### WHAT TO PRODUCE
Below are the records; copy every line in them that holds the string "identity".

(Saved entries)

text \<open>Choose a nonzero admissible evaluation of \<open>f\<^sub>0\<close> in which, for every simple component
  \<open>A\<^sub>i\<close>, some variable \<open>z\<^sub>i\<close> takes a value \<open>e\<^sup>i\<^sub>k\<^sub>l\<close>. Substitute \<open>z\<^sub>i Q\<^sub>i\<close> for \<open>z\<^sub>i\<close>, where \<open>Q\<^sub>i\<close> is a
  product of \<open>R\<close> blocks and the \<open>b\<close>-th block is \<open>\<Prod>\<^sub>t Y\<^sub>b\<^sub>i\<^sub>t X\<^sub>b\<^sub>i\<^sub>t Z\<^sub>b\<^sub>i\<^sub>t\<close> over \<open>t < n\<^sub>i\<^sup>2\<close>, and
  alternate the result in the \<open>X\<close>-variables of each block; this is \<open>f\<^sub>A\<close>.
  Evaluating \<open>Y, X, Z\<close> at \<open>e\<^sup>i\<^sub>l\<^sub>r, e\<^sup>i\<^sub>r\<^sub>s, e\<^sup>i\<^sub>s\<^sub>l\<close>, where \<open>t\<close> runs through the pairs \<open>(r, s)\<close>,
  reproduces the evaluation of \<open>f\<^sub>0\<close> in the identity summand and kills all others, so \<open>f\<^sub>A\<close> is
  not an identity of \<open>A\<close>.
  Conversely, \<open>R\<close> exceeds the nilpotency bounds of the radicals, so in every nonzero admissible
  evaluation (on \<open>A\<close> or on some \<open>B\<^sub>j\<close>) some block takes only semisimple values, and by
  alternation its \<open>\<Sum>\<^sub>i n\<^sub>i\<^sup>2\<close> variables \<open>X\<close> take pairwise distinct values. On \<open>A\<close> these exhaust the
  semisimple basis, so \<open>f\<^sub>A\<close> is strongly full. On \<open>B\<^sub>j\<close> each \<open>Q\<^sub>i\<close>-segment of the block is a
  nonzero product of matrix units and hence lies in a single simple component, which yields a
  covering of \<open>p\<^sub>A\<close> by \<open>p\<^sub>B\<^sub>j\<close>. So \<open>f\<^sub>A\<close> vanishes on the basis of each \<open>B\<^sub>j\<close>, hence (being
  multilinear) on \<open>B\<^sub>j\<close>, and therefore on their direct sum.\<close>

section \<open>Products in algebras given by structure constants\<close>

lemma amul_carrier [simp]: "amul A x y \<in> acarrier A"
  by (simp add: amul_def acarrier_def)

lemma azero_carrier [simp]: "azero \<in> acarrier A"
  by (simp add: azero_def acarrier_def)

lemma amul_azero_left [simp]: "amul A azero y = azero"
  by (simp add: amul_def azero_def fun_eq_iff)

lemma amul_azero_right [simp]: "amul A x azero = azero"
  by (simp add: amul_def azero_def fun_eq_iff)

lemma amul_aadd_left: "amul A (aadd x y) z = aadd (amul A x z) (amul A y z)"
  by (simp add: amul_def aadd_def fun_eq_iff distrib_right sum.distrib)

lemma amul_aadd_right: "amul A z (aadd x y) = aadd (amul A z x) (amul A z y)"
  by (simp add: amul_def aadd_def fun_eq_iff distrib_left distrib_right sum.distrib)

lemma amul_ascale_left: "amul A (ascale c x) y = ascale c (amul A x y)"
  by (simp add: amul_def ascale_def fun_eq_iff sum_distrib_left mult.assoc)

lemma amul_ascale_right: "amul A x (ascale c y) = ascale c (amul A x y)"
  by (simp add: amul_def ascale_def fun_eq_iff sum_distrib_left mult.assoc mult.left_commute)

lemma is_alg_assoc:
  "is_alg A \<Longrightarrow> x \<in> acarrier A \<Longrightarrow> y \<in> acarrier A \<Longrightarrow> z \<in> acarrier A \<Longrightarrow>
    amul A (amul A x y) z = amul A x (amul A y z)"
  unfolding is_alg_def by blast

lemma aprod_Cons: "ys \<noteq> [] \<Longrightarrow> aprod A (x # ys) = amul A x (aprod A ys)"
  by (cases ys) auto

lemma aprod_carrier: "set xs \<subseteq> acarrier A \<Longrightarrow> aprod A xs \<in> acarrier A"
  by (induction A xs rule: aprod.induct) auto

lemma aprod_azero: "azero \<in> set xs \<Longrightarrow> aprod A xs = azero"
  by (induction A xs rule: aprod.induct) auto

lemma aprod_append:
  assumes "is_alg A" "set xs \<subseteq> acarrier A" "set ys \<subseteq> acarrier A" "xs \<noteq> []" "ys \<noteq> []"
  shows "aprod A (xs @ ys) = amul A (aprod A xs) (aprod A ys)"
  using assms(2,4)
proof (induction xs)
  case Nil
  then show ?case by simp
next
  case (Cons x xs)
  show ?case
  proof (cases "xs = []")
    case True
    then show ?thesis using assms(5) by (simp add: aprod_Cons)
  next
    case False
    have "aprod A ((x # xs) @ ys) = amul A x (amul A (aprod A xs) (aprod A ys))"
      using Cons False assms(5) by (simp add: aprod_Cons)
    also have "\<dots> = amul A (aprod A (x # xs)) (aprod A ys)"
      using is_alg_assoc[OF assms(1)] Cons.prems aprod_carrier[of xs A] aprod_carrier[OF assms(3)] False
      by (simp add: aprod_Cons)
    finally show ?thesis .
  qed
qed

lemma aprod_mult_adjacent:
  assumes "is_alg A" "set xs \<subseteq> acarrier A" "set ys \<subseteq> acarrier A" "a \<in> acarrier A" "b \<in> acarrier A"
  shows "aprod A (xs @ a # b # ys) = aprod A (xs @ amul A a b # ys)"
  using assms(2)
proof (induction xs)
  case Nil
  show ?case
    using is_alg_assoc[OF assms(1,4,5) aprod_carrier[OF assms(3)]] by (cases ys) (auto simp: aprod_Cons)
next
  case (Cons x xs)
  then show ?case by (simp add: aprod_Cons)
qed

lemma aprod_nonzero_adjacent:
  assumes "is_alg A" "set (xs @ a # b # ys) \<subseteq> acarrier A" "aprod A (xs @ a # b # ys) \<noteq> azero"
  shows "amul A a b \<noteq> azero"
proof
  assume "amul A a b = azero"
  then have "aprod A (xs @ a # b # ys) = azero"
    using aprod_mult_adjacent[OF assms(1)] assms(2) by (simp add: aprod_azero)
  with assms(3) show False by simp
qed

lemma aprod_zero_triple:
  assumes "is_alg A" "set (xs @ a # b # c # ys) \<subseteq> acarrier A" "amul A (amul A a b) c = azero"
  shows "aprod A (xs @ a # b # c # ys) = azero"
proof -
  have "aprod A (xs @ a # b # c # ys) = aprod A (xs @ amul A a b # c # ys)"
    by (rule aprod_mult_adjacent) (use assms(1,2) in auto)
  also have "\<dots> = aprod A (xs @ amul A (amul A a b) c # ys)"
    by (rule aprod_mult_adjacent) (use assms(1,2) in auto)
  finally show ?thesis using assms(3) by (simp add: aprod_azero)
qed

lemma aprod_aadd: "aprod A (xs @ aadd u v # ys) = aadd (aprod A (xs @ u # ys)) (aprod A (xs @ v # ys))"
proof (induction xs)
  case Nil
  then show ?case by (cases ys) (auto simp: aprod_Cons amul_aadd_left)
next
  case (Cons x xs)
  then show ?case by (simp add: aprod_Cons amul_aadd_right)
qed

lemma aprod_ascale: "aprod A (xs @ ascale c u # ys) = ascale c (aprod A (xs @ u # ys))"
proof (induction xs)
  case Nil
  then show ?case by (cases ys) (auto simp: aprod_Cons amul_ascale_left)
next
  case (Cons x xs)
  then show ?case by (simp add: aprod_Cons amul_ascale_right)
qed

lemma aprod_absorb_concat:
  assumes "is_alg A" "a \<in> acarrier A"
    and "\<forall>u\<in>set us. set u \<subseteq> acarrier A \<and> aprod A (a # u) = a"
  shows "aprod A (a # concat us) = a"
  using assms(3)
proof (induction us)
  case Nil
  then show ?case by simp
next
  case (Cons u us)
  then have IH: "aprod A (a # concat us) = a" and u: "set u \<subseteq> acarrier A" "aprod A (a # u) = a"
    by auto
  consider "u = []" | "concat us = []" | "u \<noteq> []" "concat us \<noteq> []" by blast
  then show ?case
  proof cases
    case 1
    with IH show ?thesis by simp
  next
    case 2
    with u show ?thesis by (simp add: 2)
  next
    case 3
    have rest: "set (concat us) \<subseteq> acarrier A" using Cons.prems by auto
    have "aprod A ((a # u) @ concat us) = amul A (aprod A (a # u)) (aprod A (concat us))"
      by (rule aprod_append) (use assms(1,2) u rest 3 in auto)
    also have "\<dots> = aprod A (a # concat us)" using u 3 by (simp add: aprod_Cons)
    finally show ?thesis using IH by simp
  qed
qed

...

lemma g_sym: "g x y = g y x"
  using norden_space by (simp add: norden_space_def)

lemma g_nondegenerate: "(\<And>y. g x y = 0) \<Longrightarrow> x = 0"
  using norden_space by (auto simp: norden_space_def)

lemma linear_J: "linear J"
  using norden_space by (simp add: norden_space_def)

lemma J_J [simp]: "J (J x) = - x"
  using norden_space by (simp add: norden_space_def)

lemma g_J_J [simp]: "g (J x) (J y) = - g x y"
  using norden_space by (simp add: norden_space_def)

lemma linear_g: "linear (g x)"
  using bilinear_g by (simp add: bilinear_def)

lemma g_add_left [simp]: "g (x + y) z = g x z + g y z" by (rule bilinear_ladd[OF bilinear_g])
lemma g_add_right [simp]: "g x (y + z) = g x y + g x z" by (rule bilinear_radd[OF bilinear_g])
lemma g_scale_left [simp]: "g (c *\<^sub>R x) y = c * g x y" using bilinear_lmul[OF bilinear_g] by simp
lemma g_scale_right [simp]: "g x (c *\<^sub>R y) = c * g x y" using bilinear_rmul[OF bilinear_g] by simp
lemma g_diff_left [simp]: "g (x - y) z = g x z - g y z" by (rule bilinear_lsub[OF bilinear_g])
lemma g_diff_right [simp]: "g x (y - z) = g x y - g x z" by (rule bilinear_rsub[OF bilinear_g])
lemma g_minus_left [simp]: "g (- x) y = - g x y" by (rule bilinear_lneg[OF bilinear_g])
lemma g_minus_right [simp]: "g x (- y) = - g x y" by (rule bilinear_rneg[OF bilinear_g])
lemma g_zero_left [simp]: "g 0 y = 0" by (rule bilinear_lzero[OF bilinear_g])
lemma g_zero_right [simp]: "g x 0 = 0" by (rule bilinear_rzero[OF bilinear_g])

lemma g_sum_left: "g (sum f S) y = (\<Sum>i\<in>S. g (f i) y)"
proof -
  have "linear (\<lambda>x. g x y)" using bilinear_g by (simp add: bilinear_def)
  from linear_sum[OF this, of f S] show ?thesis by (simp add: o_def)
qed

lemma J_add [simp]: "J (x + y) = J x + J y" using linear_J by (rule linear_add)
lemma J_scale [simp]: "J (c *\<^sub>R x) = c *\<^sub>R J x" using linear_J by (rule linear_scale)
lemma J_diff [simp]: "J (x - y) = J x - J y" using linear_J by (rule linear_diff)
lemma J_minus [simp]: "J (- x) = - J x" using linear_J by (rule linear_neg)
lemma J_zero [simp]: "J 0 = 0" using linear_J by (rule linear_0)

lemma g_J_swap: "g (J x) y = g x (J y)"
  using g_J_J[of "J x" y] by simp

---

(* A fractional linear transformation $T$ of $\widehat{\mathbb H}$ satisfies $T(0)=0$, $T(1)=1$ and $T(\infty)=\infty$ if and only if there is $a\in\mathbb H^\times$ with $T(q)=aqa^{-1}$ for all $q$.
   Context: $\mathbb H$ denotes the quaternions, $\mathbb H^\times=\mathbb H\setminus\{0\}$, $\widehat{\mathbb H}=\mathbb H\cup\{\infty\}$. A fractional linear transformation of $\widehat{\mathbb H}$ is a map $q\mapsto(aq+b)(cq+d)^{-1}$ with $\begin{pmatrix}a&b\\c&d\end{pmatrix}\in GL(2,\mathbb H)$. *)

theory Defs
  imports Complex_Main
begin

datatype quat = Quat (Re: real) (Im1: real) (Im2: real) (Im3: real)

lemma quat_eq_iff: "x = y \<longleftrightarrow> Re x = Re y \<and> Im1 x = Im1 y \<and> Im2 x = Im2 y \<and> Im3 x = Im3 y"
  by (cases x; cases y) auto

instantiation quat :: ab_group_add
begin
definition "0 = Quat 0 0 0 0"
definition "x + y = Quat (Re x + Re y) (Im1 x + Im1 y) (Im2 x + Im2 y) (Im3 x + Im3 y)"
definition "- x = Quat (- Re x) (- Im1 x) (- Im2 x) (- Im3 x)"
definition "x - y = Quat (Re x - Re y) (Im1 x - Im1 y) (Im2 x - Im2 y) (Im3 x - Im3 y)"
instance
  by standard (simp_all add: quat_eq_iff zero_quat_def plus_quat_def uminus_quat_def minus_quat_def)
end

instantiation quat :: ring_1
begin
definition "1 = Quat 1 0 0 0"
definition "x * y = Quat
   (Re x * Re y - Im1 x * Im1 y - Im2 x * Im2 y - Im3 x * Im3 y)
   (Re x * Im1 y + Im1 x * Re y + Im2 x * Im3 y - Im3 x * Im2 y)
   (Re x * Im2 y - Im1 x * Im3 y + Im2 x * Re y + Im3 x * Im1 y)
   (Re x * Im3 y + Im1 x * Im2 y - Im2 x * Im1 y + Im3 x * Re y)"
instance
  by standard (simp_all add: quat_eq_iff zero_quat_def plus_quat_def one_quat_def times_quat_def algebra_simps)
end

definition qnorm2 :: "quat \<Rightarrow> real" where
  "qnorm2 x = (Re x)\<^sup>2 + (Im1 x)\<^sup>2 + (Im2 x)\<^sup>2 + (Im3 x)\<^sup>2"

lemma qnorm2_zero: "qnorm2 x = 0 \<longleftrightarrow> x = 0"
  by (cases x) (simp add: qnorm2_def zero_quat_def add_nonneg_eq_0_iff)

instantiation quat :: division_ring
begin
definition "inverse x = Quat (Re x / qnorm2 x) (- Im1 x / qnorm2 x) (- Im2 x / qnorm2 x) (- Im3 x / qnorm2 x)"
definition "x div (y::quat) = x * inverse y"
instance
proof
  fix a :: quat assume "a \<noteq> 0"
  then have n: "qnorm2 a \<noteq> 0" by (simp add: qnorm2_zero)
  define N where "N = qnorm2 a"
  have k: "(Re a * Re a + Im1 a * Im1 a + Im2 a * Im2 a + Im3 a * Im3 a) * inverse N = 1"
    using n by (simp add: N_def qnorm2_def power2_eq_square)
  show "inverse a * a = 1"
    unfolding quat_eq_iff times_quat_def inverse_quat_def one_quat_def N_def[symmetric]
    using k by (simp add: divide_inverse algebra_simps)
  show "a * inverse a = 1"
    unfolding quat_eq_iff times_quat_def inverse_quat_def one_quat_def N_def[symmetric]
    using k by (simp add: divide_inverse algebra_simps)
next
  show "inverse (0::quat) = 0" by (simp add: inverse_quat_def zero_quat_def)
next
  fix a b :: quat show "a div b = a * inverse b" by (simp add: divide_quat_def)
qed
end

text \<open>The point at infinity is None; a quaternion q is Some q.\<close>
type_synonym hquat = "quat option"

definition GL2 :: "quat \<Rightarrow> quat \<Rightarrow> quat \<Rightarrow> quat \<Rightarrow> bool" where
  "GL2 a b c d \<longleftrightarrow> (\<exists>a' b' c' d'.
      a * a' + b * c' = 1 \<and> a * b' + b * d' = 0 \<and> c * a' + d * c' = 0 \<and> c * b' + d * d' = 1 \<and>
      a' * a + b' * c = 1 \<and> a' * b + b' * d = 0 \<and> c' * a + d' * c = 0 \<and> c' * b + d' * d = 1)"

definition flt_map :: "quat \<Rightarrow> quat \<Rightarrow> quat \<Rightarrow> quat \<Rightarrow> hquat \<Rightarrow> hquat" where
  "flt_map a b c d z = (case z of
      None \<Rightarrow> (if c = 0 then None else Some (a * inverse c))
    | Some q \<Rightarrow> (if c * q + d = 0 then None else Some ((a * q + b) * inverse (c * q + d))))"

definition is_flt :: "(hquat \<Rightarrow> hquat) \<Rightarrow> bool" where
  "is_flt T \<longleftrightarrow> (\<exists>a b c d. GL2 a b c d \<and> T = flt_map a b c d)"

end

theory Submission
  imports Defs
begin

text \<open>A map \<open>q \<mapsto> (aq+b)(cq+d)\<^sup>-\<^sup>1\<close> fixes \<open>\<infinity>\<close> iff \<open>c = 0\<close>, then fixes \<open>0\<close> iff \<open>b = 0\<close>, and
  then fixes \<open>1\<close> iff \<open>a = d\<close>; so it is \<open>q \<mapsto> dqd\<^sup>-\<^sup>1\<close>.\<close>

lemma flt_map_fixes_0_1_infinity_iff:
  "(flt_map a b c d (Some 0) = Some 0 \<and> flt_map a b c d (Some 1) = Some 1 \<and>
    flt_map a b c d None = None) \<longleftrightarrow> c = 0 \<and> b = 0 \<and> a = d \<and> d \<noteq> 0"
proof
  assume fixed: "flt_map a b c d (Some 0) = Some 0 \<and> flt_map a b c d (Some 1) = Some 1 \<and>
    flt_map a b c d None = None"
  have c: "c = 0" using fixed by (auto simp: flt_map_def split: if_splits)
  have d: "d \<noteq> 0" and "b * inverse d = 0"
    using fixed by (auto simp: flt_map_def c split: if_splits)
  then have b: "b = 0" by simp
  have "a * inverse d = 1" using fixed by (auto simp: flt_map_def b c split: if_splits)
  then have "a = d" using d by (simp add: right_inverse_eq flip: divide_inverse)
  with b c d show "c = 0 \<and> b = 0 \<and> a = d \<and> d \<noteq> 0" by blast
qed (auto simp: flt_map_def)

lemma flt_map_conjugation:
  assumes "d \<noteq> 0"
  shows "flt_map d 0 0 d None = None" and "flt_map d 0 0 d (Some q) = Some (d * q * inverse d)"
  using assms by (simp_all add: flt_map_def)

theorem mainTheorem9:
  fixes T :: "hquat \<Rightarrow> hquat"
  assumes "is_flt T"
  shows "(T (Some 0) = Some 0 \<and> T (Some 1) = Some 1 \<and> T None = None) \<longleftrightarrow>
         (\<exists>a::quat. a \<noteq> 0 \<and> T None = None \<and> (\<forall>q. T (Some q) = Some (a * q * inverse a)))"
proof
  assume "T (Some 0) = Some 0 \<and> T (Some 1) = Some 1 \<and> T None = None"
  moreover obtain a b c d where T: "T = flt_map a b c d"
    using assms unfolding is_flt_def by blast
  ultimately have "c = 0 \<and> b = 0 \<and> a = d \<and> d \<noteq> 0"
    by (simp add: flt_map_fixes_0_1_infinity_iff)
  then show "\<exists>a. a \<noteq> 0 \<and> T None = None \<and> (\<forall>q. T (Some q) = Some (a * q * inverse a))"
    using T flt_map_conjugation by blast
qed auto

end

### RESPONSE BELOW
  reproduces the evaluation of \<open>f\<^sub>0\<close> in the identity summand and kills all others, so \<open>f\<^sub>A\<close> is
  not an identity of \<open>A\<close>.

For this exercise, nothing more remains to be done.